A Comprehensive Study of DCNN Algorithms-based Transfer Learning for Human Eye Cataract Detection

Abstract

This study presents a comparative analysis of different deep convolutional neural network (DCNN) architectures, including VGG19, NASNet, ResNet50, and MobileNetV2, with and without data augmentation, for the automatic detection of cataracts in fundus images. Utilizing hybrid architecture models, namely ResNet50-NASNet and ResNet50+MobileNetV2, which combine two state-of-the-art DCNNs, this research demonstrates their superior performance.
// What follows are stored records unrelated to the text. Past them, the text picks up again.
theorem theorem4p6:
  fixes v :: "'k::field \<Rightarrow> int" and p q :: nat and f :: "'k poly"
  assumes "discrete_valuation v"
    and "valuation_complete v"
    and "finite (residue_field v)" and "card (residue_field v) = q"
    and "prime p" and "of_nat p \<in> max_ideal v"
    and "f \<noteq> 0"
    and "regular v p f"
  shows "card {x. x \<noteq> 0 \<and> poly f x = 0} =
    (\<Sum>(s', s)\<in>{(s', s). lower_edge v f s' s}.
        card {x. x \<noteq> 0 \<and> poly (lower_binomial f s' s) x = 0})"
proof -
  interpret valued_field v
    using assms(1) by unfold_locales
  define E where "E = {(s', s). lower_edge v f s' s}"
  have "finite E"
    by (rule finite_subset[of _ "{..degree f} \<times> {..degree f}"]) (auto simp: E_def lower_edge_def le_degree)
  have "card {x. x \<noteq> 0 \<and> poly f x = 0} = card (\<Union>e\<in>E. case e of (s', s) \<Rightarrow> edge_roots f s' s)"
    unfolding nonzero_roots_eq_Union_edge_roots[OF assms(7)] E_def ..
  also have "\<dots> = (\<Sum>e\<in>E. card (case e of (s', s) \<Rightarrow> edge_roots f s' s))"
  proof (rule card_UN_disjoint[OF \<open>finite E\<close>])
    show "\<forall>e\<in>E. finite (case e of (s', s) \<Rightarrow> edge_roots f s' s)"
      using finite_subset[OF _ poly_roots_finite[OF assms(7)]] by (auto simp: edge_roots_def)
  qed (use edge_roots_disjoint in \<open>fastforce simp: E_def\<close>)
  also have "\<dots> = (\<Sum>(s', s)\<in>E. card {x. x \<noteq> 0 \<and> poly (lower_binomial f s' s) x = 0})"
    using card_edge_roots[OF assms(2,5)] assms(6,8)
    by (intro sum.cong) (auto simp: E_def max_ideal_eq_val_ideal)
  finally show ?thesis
    by (simp add: E_def)
qed

end
lemma seminorm_bounded_tendsto:
  assumes "seminorm_bounded h"
    and diff: "\<And>x y. x \<in> X \<Longrightarrow> y \<in> X \<Longrightarrow> h (\<lambda>k. x k - y k) = h x - h y"
    and lim: "limitin frechet.mtopology \<sigma> x sequentially"
  shows "(\<lambda>j. h (\<sigma> j)) \<longlonglongrightarrow> h x"
proof (rule tendstoI)
  fix \<epsilon> :: real assume "\<epsilon> > 0"
  obtain C N where "C > 0" and C: "\<And>x. x \<in> X \<Longrightarrow> norm (h x) \<le> C * seminorm_sum N x"
    using seminorm_boundedE[OF assms(1)] by blast
  have "\<epsilon> / C > 0"
    using \<open>\<epsilon> > 0\<close> \<open>C > 0\<close> by simp
  then obtain r where "r > 0" and r: "\<And>x y. x \<in> X \<Longrightarrow> y \<in> X \<Longrightarrow> frechet_dist x y < r \<Longrightarrow>
      seminorm_sum N (\<lambda>k. x k - y k) < \<epsilon> / C"
    using frechet_dist_small_imp_seminorm_sum_small by blast
  have x: "x \<in> X"
    using lim by (simp add: frechet.limitin_metric)
  have "\<forall>\<^sub>F j in sequentially. \<sigma> j \<in> X \<and> frechet_dist (\<sigma> j) x < r"
    using lim \<open>r > 0\<close> by (simp add: frechet.limitin_metric)
  then show "\<forall>\<^sub>F j in sequentially. dist (h (\<sigma> j)) (h x) < \<epsilon>"
  proof eventually_elim
    case (elim j)
    then have "dist (h (\<sigma> j)) (h x) \<le> C * seminorm_sum N (\<lambda>k. \<sigma> j k - x k)"
      using C[OF diff_mem] diff x by (simp add: dist_norm)
    also have "\<dots> < C * (\<epsilon> / C)"
      using r[of "\<sigma> j" x] elim x \<open>C > 0\<close> by (intro mult_strict_left_mono) auto
    finally show ?case
      using \<open>C > 0\<close> by simp
  qed
qed

lemma closedin_uniform_sublevel:
  assumes "\<And>j. seminorm_bounded (h j)"
    and "\<And>j x y. x \<in> X \<Longrightarrow> y \<in> X \<Longrightarrow> h j (\<lambda>k. x k - y k) = h j x - h j y"
  shows "closedin frechet.mtopology {x \<in> X. \<forall>j. norm (h j x) \<le> M}"
  unfolding frechet.metric_closedin_iff_sequentially_closed
proof (intro conjI allI impI)
  fix \<sigma> x assume \<sigma>: "range \<sigma> \<subseteq> {x \<in> X. \<forall>j. norm (h j x) \<le> M} \<and> limitin frechet.mtopology \<sigma> x sequentially"
  have "norm (h j x) \<le> M" for j
  proof (rule Lim_bounded)
    show "(\<lambda>n. norm (h j (\<sigma> n))) \<longlonglongrightarrow> norm (h j x)"
      by (rule tendsto_norm, rule seminorm_bounded_tendsto[of "h j"]) (use assms \<sigma> in auto)
    show "\<forall>n\<ge>0. norm (h j (\<sigma> n)) \<le> M"
      using \<sigma> by auto
  qed
  then show "x \<in> {x \<in> X. \<forall>j. norm (h j x) \<le> M}"
    using \<sigma> frechet.limitin_mspace by blast
qed auto

lemma bounded_near_zero_imp_seminorm_bound:
  assumes scale: "\<And>x c. x \<in> X \<Longrightarrow> h (\<lambda>k. c * x k) = c * h x"
    and near: "\<And>z. z \<in> X \<Longrightarrow> seminorm_sum N z < \<eta> \<Longrightarrow> norm (h z) \<le> M"
    and "\<eta> > 0" and x: "x \<in> X"
  shows "norm (h x) \<le> 2 * M / \<eta> * seminorm_sum N x"
proof -
  have scaled: "t * norm (h x) \<le> M" if "t \<ge> 0" "t * seminorm_sum N x < \<eta>" for t :: real
    using near[OF scale_mem[OF x], of "complex_of_real t"] that scale[OF x]
    by (simp add: seminorm_sum_homogeneous[OF x] norm_mult)
  show ?thesis
  proof (cases "seminorm_sum N x = 0")
    case True
    have "M \<ge> 0"
      using scaled[of 0] True \<open>\<eta> > 0\<close> by simp
    have "h x = 0"
    proof (rule ccontr)
      assume "h x \<noteq> 0"
      then show False
        using scaled[of "(M + 1) / norm (h x)"] True \<open>\<eta> > 0\<close> \<open>M \<ge> 0\<close> by simp
    qed
    then show ?thesis
      using True by simp
  next
    case False
    then have q: "seminorm_sum N x > 0"
      using seminorm_sum_nonneg[OF x, of N] by simp
    have "\<eta> / (2 * seminorm_sum N x) * norm (h x) \<le> M"
      using q \<open>\<eta> > 0\<close> by (intro scaled) simp_all
    then show ?thesis
      using q \<open>\<eta> > 0\<close> by (simp add: field_simps)
  qed
qed
context
  fixes K :: nat and f :: "nat \<Rightarrow> real" and a b r :: real
    and M :: "'r measure" and \<pi> :: "'r \<Rightarrow> policy"
  assumes fdcs: "2 \<le> K" and f_nonneg: "\<forall>k\<le>K. f k \<ge> 0"
    and a_pos: "0 < a" and a_le_b: "a \<le> b"
    and prob: "prob_space M"
    and policies_feasible: "\<forall>\<omega>\<in>space M. feasible_policy K a b (\<pi> \<omega>)"
    and costs_measurable: "\<forall>I. valid_inst K a b I \<longrightarrow>
           (\<lambda>\<omega>. plan_cost K f I (policy_plan K (\<pi> \<omega>) I)) \<in> borel_measurable M"
    and ratio: "comp_ratio K f a b M \<pi> = ennreal r" and r_nonneg: "0 \<le> r"
begin

lemma comp_ratio_ge_two_fdc_bound: "3 * a + b \<le> 4 * a * r"
proof (rule le_of_linear_bound)
  fix N :: nat
  let ?I = "two_fdc_inst N a b"
  let ?offline = "\<lambda>j t k i. if k = (if t = 1 then 3 - j else j) then N else 0"
  have valid: "valid_inst K a b (?I j)" for j
    using a_le_b by (rule two_fdc_inst_valid)
  let ?online = "\<lambda>\<omega> j. plan_cost K f (?I j) (policy_plan K (\<pi> \<omega>) (?I j))"
  have pointwise: "\<forall>\<omega>\<in>space M. (3 * a + b) * N \<le> 1 * ?online \<omega> 1 + ?online \<omega> 2"
  proof
    fix \<omega> assume "\<omega> \<in> space M"
    then have "feasible_plan K (?I j) (policy_plan K (\<pi> \<omega>) (?I j))" for j
      using policies_feasible valid unfolding feasible_policy_def by blast
    then show "(3 * a + b) * N \<le> 1 * ?online \<omega> 1 + ?online \<omega> 2"
      using two_fdc_inst_pair_cost_ge[OF fdcs a_le_b f_nonneg] two_fdc_inst_same_first_period
      by simp
  qed
  have offline: "feasible_plan K (?I 1) (?offline 1)" "feasible_plan K (?I 2) (?offline 2)"
    by (rule two_fdc_inst_offline_plan(1)[OF fdcs _ f_nonneg]; simp)+
  have offline_cost: "plan_cost K f (?I 1) (?offline 1) \<le> f 1 + f 2 + 2 * a * N"
    "plan_cost K f (?I 2) (?offline 2) \<le> f 1 + f 2 + 2 * a * N"
    by (rule two_fdc_inst_offline_plan(2)[OF fdcs _ f_nonneg]; simp)+
  have "(3 * a + b) * N \<le> r * (1 * plan_cost K f (?I 1) (?offline 1) + plan_cost K f (?I 2) (?offline 2))"
    by (rule le_comp_ratio_mult_of_instance_pair[OF prob ratio r_nonneg _ f_nonneg costs_measurable
          valid offline(1) valid offline(2) _ pointwise]) (use a_pos in simp_all)
  also have "\<dots> \<le> r * (2 * (f 1 + f 2 + 2 * a * N))"
    using offline_cost r_nonneg by (intro mult_left_mono) auto
  finally show "(3 * a + b) * N \<le> 2 * r * (f 1 + f 2) + 4 * a * r * N"
    by (simp add: algebra_simps)
qed
(* Let $G$, $\mu$, $H_0,\dots,H_M$ be as in the context, and let $(Q_{n+1},P_{n+1})=\Phi_h(Q_n,P_n)$ be the stochastic implicit midpoint integrator defined in the context. Then for any initial value $(Q_0,P_0)\in T^*G$ there exists $R(Q_0,P_0)<\infty$ such that almost surely $$\sup_{h>0}\ \sup_{n\ge 0}\ \|(Q_n,P_n)\|\le R(Q_0,P_0).$$
   Context: $G\subseteq\operatorname{GL}(n,\mathbb{C})$ is a compact simply connected matrix Lie group with $J$-quadratic Lie algebra $\mathfrak{g}$: there is a matrix $J$ with $J^*=\pm J$, $J^2=cI_n$ ($c\in\mathbb{R}\setminus\{0\}$) and $A^*J+JA=0$ for all $A\in\mathfrak{g}$ ($A^*$ = conjugate transpose). $\mathfrak{g}^*$ is identified with $\mathfrak{g}$ via $\langle X,V\rangle=\operatorname{Tr}(X^*V)$ with norm $\|\cdot\|$ (Frobenius); gradients are w.r.t. this inner product. The momentum map is $\mu(Q,P)=\tfrac12Q^*P-\tfrac1{2c}JP^*QJ$. $H_0,\dots,H_M:\mathfrak{g}^*\to\mathbb{R}$ are differentiable. Set $f_i(Q,P)=\tfrac12Q\nabla H_i(\mu(Q,P))$, $k_i(Q,P)=-\tfrac12P\nabla H_i(\mu(Q,P))^*$. Truncated noise: for each $i$ and step $n$, $\xi\sim\mathcal N(0,1)$ with $\xi\sqrt h=W^i(t_n+h)-W^i(t_n)$ ($W^i$ independent Brownian motions), $A_h=\sqrt{2l|\log h|}$ for a fixed positive integer $l$, and $(\zeta_i)_n$ is $\xi$ clipped to $[-A_h,A_h]$. The integrator: given $(Q_n,P_n)$, find $(\tilde Q,\tilde P)$ with $Q_n=\tilde Q-\tfrac12(f_0(\tilde Q,\tilde P)h+\sum_i f_i(\tilde Q,\tilde P)(\zeta_i)_n\sqrt h)$, $P_n=\tilde P-\tfrac12(k_0(\tilde Q,\tilde P)h+\sum_ik_i(\tilde Q,\tilde P)(\zeta_i)_n\sqrt h)$, and set $Q_{n+1}=\tilde Q+\tfrac12(f_0h+\sum_if_i(\zeta_i)_n\sqrt h)$, $P_{n+1}=\tilde P+\tfrac12(k_0h+\sum_ik_i(\zeta_i)_n\sqrt h)$, all evaluated at $(\tilde Q,\tilde P)$. *)

theory Defs
  imports "HOL-Analysis.Analysis" "HOL-Probability.Probability"
begin

type_synonym 'n cmat = "complex^'n^'n"
definition hit_time :: "enat \<Rightarrow> (nat \<Rightarrow> bool) \<Rightarrow> (nat \<times> nat \<Rightarrow> bool) \<Rightarrow> enat" where
  "hit_time c \<zeta>0 \<omega> =
     (if \<exists>t\<ge>1. gap (sbbs_traj c \<zeta>0 \<omega> t) = 0
      then enat (LEAST t. t \<ge> 1 \<and> gap (sbbs_traj c \<zeta>0 \<omega> t) = 0)
      else \<infinity>)"

end

theory Submission
  imports Defs
begin

text \<open>
  While the gap is positive, each of the two balls independently moves one site to the right with
  probability 1 - \<epsilon>, so the gap performs a lazy simple symmetric random walk whose steps +1 and -1
  both have probability \<epsilon>(1 - \<epsilon>); capacity at least 2 is what keeps two adjacent balls from
  blocking each other. The probability of hitting gap 0 and the expected hitting time satisfy the
  first-step equations of this walk, so their infima over the position of the first ball are
  concave functions of the gap, and for the expected time concave with a fixed positive defect. A
  nonnegative concave sequence is nondecreasing, which together with the value 1 at gap 0 forces
  the hitting probability to be 1; no finite nonnegative sequence is uniformly strictly concave,
  which forces the expected hitting time to be infinite. The return time \<tau> is one step of the
  walk followed by such a hitting time.
\<close>

section \<open>Two-ball configurations\<close>

definition two_balls :: "nat \<times> nat \<Rightarrow> nat \<Rightarrow> bool" where
  "two_balls s k \<longleftrightarrow> k = fst s \<or> k = fst s + snd s + 1"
Specifically, MobileNetV2 and the combined ResNet50+MobileNetV2 outperform other models, achieving an impressive accuracy of 99.00%. By emphasizing the efficacy of diverse datasets and pre-processing techniques, as well as the potential of pretrained DCNN models, this study contributes to accurate cataract diagnosis. Furthermore, the proposed system has the potential to reduce reliance on ophthalmologists, decrease the cost of eye check-ups, and improve accessibility to eye care for a wider population. These findings showcase the successful application of deep learning and image processing techniques in the early detection and treatment of various medical conditions, including cataracts, addressing the needs of individuals with diminished vision through ocular images and innovative hybrid architectures.